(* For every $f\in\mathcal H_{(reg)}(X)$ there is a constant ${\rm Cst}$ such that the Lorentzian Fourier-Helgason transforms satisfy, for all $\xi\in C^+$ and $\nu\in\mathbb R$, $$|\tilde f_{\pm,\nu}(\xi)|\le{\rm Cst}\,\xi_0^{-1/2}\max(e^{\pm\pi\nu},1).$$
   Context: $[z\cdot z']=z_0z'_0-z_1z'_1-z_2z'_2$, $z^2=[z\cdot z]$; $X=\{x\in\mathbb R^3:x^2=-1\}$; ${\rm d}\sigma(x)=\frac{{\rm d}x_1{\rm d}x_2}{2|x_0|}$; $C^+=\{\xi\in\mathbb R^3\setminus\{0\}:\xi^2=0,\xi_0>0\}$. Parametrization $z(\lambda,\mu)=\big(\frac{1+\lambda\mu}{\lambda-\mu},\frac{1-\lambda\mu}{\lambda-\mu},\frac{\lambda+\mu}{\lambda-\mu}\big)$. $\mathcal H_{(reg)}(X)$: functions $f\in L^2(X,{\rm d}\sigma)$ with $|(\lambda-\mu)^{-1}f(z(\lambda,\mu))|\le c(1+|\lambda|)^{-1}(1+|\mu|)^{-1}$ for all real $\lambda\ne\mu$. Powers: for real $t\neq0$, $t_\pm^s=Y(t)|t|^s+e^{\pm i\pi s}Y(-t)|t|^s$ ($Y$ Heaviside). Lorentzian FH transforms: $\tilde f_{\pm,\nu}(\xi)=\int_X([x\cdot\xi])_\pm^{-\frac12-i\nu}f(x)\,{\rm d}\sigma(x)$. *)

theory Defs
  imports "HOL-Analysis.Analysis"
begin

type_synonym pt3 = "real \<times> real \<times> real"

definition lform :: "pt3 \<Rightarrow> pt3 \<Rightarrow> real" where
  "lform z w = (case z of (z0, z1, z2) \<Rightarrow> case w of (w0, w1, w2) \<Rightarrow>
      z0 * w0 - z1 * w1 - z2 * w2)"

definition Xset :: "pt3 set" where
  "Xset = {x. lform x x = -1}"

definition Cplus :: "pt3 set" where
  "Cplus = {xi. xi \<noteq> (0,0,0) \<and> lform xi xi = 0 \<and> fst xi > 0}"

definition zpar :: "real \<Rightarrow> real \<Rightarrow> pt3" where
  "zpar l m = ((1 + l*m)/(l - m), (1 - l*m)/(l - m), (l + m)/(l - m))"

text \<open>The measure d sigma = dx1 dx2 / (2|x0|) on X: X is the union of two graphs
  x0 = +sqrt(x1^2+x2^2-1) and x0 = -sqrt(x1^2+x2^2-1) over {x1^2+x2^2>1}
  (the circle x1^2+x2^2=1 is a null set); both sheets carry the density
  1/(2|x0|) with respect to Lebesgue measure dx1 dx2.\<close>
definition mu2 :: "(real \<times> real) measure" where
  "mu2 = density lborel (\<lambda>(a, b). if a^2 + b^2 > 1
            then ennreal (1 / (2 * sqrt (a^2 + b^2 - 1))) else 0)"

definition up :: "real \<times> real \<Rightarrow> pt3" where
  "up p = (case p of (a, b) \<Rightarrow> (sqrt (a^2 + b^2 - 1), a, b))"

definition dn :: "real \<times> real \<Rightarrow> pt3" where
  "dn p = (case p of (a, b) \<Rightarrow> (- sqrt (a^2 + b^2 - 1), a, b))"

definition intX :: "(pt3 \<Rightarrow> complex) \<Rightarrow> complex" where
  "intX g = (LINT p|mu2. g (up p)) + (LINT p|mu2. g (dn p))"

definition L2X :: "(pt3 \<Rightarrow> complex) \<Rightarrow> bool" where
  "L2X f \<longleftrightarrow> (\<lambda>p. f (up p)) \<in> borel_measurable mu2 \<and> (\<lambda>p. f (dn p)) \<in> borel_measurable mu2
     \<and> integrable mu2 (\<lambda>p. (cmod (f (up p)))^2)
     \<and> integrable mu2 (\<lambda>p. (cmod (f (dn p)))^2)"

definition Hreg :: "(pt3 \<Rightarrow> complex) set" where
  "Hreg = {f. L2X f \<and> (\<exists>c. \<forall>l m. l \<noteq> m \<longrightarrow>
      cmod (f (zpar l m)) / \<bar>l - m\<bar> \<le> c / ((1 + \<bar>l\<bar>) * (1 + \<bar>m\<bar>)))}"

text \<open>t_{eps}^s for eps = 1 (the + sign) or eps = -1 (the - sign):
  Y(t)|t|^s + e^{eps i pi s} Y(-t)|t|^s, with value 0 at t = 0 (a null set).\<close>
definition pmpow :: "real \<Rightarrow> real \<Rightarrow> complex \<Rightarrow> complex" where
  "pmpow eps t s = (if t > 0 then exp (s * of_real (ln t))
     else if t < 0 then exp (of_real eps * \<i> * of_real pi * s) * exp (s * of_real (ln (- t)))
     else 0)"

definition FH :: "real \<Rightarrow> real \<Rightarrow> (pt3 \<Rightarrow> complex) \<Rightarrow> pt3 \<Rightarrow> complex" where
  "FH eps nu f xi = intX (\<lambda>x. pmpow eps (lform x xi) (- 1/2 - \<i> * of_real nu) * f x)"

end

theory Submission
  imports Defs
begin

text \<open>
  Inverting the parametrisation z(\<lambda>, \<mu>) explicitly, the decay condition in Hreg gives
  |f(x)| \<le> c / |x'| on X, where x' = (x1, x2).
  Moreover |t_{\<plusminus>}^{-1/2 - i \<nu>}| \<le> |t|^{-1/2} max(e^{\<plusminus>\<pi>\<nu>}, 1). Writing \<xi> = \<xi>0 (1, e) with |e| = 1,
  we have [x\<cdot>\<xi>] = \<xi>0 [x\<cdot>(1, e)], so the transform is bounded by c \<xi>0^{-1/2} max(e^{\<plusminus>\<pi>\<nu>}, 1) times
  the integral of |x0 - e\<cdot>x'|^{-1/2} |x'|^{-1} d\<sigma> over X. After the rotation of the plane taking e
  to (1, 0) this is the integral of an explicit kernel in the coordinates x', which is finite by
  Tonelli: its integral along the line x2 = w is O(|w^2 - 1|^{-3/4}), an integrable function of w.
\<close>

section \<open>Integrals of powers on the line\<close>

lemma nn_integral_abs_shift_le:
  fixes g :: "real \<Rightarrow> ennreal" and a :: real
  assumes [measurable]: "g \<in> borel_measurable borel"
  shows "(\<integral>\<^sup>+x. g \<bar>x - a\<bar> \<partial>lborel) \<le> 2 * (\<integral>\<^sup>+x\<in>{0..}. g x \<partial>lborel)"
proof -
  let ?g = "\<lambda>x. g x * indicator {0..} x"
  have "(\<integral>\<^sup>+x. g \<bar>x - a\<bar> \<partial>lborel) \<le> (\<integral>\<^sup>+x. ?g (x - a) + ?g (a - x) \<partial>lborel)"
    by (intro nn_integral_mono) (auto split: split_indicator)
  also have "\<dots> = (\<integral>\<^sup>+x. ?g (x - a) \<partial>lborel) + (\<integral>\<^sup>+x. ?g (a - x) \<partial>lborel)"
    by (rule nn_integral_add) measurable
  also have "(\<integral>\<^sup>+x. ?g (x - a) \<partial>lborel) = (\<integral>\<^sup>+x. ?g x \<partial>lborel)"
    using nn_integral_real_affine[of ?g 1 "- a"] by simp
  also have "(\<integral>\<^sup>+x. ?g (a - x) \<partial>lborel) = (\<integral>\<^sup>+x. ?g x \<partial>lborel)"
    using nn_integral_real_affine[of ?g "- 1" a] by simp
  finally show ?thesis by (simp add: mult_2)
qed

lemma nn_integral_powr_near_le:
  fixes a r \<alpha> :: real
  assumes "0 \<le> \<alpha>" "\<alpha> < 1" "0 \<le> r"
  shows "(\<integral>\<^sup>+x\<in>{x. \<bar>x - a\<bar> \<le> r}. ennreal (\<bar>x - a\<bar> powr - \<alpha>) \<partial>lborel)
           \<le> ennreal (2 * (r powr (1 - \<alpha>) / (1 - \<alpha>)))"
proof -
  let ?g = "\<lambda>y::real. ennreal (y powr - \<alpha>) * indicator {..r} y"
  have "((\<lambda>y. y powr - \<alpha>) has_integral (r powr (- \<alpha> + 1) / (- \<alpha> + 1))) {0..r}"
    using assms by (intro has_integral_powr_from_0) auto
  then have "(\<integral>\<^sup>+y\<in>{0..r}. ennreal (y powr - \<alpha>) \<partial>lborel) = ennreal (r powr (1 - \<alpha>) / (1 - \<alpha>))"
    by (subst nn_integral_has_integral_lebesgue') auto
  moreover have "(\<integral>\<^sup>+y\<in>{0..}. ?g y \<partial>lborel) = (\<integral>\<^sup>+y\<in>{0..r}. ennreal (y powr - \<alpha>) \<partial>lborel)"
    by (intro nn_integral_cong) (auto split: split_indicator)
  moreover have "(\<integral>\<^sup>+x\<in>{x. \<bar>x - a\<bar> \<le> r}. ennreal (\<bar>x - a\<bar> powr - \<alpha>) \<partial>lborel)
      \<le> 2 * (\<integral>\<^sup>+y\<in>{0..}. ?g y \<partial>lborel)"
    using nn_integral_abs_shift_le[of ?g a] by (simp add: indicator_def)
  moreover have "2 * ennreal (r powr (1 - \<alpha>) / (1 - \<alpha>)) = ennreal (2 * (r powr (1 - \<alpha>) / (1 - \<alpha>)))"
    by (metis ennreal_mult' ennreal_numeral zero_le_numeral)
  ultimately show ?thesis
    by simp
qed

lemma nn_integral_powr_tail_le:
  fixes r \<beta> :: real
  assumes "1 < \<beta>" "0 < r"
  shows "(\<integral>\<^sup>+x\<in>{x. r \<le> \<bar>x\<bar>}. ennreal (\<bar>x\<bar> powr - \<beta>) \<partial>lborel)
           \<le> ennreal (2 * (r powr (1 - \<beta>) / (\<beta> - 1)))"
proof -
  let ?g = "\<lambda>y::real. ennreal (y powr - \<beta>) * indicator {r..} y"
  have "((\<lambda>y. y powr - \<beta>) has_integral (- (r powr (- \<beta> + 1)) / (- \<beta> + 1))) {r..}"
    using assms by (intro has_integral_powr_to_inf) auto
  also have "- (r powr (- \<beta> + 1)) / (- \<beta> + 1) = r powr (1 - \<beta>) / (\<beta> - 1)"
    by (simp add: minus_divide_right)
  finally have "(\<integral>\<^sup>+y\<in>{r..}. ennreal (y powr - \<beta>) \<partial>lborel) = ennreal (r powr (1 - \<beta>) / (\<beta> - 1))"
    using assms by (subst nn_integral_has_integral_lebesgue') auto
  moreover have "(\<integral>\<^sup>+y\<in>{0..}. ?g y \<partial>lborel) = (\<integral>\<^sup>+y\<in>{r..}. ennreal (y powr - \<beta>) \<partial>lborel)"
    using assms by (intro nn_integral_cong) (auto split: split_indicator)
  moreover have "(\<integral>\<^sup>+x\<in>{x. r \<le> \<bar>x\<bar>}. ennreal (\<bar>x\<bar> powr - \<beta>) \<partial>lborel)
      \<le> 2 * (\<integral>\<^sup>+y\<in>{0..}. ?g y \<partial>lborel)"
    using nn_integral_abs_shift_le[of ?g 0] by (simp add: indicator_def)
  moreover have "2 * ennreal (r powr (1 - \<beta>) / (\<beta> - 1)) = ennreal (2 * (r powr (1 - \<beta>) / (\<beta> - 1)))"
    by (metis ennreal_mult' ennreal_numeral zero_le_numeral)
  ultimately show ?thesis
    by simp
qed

________

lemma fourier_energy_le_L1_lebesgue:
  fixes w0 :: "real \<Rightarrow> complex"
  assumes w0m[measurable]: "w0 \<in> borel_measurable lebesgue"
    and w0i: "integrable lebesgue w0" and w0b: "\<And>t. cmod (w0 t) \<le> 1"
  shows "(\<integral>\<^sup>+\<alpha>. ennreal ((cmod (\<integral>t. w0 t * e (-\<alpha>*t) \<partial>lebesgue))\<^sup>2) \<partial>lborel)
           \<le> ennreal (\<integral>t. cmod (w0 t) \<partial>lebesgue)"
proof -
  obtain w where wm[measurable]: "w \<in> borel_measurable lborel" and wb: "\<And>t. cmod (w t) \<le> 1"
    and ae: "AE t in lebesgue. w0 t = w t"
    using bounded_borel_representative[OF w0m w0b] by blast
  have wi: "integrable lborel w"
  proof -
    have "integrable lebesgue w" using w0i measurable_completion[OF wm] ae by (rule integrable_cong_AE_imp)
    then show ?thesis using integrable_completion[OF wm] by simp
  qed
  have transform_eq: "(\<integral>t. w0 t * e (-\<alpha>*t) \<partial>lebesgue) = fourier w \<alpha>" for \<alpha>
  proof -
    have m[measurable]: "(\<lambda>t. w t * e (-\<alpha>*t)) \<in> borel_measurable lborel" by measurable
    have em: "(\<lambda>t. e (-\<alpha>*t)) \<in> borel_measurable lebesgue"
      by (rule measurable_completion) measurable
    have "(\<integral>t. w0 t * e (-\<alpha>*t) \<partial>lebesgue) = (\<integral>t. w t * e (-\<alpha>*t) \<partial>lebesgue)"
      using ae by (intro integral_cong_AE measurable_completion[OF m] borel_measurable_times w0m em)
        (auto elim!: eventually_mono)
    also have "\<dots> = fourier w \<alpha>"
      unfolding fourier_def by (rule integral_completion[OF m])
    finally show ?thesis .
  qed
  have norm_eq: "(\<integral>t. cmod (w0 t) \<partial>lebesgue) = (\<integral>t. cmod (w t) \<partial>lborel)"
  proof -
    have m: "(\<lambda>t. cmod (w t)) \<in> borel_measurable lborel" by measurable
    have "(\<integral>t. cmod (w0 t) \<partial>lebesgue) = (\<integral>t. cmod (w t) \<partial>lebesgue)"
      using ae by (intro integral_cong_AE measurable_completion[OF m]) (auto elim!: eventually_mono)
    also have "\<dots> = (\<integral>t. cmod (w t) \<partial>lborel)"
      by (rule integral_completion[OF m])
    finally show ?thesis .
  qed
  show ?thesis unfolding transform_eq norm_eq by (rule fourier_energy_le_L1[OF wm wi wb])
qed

________

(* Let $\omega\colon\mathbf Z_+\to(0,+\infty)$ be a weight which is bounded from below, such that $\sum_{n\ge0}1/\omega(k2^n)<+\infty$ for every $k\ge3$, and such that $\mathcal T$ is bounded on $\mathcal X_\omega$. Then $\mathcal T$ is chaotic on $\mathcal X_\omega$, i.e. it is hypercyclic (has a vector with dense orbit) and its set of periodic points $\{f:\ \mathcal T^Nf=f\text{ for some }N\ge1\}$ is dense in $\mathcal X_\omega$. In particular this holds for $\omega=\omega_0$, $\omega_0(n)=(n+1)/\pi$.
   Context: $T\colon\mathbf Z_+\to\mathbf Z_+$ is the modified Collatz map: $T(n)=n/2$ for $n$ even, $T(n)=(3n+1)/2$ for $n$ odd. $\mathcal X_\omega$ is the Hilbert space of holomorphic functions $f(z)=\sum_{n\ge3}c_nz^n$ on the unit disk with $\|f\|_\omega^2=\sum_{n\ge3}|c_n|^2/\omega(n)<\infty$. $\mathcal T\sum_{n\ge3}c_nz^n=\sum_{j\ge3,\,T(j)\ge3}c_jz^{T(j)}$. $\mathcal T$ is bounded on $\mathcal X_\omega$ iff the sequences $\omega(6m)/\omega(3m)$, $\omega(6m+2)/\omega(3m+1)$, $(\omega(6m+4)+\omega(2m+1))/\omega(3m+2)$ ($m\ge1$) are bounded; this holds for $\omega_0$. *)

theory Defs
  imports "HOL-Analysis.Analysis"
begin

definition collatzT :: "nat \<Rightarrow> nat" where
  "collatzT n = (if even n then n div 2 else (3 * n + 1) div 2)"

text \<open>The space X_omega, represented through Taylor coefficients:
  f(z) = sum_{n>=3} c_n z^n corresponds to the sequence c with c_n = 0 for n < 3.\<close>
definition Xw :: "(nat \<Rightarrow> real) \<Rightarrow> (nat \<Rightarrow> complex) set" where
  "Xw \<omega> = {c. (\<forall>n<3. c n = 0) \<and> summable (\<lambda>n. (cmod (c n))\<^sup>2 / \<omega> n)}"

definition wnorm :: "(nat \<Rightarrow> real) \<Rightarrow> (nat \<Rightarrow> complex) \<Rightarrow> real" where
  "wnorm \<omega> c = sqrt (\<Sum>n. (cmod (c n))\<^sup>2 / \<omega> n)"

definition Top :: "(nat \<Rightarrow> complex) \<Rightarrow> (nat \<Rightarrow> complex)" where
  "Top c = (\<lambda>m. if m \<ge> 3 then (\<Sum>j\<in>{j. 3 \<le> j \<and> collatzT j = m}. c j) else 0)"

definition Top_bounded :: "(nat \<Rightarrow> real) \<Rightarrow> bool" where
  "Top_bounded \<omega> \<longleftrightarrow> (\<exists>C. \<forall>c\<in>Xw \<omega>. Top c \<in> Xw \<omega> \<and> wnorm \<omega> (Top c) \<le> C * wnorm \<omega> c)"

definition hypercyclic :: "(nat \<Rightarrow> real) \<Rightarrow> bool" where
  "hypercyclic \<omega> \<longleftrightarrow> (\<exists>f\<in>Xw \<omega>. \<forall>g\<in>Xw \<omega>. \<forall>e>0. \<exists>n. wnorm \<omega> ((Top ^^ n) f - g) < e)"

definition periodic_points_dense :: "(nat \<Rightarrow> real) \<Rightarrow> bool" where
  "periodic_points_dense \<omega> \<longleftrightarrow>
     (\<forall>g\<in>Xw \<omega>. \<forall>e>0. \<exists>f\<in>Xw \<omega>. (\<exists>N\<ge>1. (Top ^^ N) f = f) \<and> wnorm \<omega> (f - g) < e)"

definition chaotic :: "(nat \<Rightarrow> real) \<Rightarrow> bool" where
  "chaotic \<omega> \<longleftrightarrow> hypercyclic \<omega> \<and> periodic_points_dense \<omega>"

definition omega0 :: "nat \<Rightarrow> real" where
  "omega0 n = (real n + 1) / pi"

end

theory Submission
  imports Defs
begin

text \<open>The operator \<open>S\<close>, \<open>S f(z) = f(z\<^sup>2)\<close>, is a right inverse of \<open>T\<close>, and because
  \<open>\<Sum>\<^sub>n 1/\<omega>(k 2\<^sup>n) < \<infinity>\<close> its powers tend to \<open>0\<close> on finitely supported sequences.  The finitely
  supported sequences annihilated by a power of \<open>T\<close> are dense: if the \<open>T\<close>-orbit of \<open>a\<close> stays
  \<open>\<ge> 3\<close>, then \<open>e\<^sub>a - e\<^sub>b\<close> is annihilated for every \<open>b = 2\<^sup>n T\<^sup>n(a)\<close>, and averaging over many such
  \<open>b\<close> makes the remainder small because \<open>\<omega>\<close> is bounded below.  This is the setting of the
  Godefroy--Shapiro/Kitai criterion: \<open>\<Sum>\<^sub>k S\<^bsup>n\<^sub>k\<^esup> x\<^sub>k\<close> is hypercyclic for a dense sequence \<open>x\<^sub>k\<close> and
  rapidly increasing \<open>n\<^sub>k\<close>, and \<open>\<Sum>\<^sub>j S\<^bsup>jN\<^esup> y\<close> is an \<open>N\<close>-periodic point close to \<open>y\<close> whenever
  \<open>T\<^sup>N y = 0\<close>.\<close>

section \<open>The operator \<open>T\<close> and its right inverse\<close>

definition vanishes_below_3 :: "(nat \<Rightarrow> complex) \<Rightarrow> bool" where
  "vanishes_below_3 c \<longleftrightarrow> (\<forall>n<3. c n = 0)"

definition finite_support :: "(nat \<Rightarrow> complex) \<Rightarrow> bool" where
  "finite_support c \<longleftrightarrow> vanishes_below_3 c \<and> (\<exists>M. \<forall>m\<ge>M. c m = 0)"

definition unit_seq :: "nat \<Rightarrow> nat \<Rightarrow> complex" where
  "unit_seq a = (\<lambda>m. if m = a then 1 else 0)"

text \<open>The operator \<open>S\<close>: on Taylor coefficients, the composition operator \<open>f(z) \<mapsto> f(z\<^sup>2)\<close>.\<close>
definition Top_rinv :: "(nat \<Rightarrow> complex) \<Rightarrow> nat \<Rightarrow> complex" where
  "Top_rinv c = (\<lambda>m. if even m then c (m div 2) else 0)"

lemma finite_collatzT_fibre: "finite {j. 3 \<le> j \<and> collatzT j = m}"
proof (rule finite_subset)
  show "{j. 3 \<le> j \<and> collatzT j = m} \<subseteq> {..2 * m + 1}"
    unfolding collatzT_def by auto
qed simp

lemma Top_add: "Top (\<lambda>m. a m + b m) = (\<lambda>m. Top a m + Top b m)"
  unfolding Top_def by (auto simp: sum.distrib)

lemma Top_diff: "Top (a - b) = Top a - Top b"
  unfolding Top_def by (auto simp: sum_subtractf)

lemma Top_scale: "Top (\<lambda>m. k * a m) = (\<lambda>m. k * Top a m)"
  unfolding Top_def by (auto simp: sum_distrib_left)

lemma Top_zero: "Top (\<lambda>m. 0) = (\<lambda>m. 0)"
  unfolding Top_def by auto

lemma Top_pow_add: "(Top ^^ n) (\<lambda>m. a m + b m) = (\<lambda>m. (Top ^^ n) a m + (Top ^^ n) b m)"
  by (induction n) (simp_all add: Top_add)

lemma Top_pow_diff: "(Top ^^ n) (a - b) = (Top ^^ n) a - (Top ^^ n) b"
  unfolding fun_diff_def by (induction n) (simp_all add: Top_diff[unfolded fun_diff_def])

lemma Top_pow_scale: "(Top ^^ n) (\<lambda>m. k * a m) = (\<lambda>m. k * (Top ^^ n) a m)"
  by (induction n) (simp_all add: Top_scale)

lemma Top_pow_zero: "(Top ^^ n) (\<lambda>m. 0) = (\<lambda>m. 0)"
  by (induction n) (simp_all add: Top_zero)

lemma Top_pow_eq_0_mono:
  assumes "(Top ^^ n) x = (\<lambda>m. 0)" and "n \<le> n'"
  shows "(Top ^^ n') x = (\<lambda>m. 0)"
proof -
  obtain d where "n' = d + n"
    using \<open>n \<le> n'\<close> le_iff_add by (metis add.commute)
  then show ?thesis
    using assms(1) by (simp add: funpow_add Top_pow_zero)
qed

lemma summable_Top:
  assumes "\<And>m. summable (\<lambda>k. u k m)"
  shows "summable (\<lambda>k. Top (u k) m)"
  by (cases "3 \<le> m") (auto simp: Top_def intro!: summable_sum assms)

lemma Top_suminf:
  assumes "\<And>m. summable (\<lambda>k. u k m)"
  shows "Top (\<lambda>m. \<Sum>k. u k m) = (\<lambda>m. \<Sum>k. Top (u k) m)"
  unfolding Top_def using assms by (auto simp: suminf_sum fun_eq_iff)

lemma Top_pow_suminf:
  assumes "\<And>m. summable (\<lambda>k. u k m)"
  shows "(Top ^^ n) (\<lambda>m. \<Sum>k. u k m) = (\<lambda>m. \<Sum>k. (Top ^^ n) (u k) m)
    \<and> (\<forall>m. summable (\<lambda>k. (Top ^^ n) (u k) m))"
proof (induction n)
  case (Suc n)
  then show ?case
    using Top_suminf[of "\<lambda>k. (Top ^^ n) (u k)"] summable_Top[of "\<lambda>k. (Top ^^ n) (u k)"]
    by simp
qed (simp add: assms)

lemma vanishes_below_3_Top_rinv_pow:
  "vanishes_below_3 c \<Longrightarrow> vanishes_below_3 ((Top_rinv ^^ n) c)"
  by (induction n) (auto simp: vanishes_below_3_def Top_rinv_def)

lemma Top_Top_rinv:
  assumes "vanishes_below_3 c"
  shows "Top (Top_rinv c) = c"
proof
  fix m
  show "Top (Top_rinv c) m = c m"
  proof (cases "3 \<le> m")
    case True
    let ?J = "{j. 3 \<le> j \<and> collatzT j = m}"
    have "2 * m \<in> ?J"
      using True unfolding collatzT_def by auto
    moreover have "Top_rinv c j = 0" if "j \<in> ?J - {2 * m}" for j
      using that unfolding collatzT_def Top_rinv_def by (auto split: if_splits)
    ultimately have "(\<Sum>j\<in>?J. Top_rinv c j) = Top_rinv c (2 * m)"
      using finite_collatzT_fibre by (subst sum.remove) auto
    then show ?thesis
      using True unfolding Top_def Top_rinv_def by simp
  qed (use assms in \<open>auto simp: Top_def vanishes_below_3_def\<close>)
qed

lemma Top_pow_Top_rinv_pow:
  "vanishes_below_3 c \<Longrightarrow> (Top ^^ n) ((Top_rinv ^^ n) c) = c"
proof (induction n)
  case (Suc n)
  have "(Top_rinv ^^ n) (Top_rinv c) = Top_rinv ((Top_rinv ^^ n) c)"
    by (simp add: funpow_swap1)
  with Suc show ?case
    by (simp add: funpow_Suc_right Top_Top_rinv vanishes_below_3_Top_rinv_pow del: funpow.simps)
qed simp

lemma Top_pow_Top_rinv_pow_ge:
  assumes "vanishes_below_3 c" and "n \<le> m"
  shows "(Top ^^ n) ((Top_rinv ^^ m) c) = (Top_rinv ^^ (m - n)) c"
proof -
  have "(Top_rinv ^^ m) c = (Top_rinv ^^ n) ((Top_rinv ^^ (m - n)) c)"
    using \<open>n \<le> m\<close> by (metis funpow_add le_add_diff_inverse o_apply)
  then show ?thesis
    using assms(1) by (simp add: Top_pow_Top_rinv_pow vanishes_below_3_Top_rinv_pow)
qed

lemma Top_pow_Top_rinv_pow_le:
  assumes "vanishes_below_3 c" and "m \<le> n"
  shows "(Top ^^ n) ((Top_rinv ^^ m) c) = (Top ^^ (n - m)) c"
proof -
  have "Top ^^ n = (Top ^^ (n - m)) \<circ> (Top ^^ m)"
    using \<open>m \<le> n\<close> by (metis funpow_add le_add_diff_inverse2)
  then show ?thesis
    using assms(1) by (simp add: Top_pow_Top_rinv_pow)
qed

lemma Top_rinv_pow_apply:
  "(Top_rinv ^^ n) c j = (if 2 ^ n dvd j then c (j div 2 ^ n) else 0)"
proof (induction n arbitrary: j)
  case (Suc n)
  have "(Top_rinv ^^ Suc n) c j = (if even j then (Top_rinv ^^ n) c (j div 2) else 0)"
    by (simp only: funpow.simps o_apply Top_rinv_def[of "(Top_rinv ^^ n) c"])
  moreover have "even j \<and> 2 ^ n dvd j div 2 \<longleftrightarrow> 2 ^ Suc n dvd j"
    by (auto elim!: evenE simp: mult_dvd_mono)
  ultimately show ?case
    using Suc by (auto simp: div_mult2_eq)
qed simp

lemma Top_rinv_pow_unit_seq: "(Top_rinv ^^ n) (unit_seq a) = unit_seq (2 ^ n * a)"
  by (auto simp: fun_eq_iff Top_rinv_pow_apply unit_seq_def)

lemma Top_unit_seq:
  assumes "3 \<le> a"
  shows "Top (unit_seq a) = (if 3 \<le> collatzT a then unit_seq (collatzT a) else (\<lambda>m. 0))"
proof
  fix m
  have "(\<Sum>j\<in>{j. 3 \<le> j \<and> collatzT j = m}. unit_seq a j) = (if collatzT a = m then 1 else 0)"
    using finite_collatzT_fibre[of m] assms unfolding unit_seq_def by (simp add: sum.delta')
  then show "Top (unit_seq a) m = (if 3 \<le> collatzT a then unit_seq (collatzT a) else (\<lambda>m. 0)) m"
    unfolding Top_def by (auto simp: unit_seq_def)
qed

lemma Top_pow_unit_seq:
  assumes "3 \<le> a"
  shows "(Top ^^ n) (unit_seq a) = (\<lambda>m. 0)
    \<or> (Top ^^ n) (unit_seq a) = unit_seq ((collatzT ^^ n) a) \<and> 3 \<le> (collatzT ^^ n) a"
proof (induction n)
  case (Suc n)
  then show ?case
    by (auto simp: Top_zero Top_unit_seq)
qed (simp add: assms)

________

What number of lines in the data contain the word "fixes"? Give the number and nothing else.

4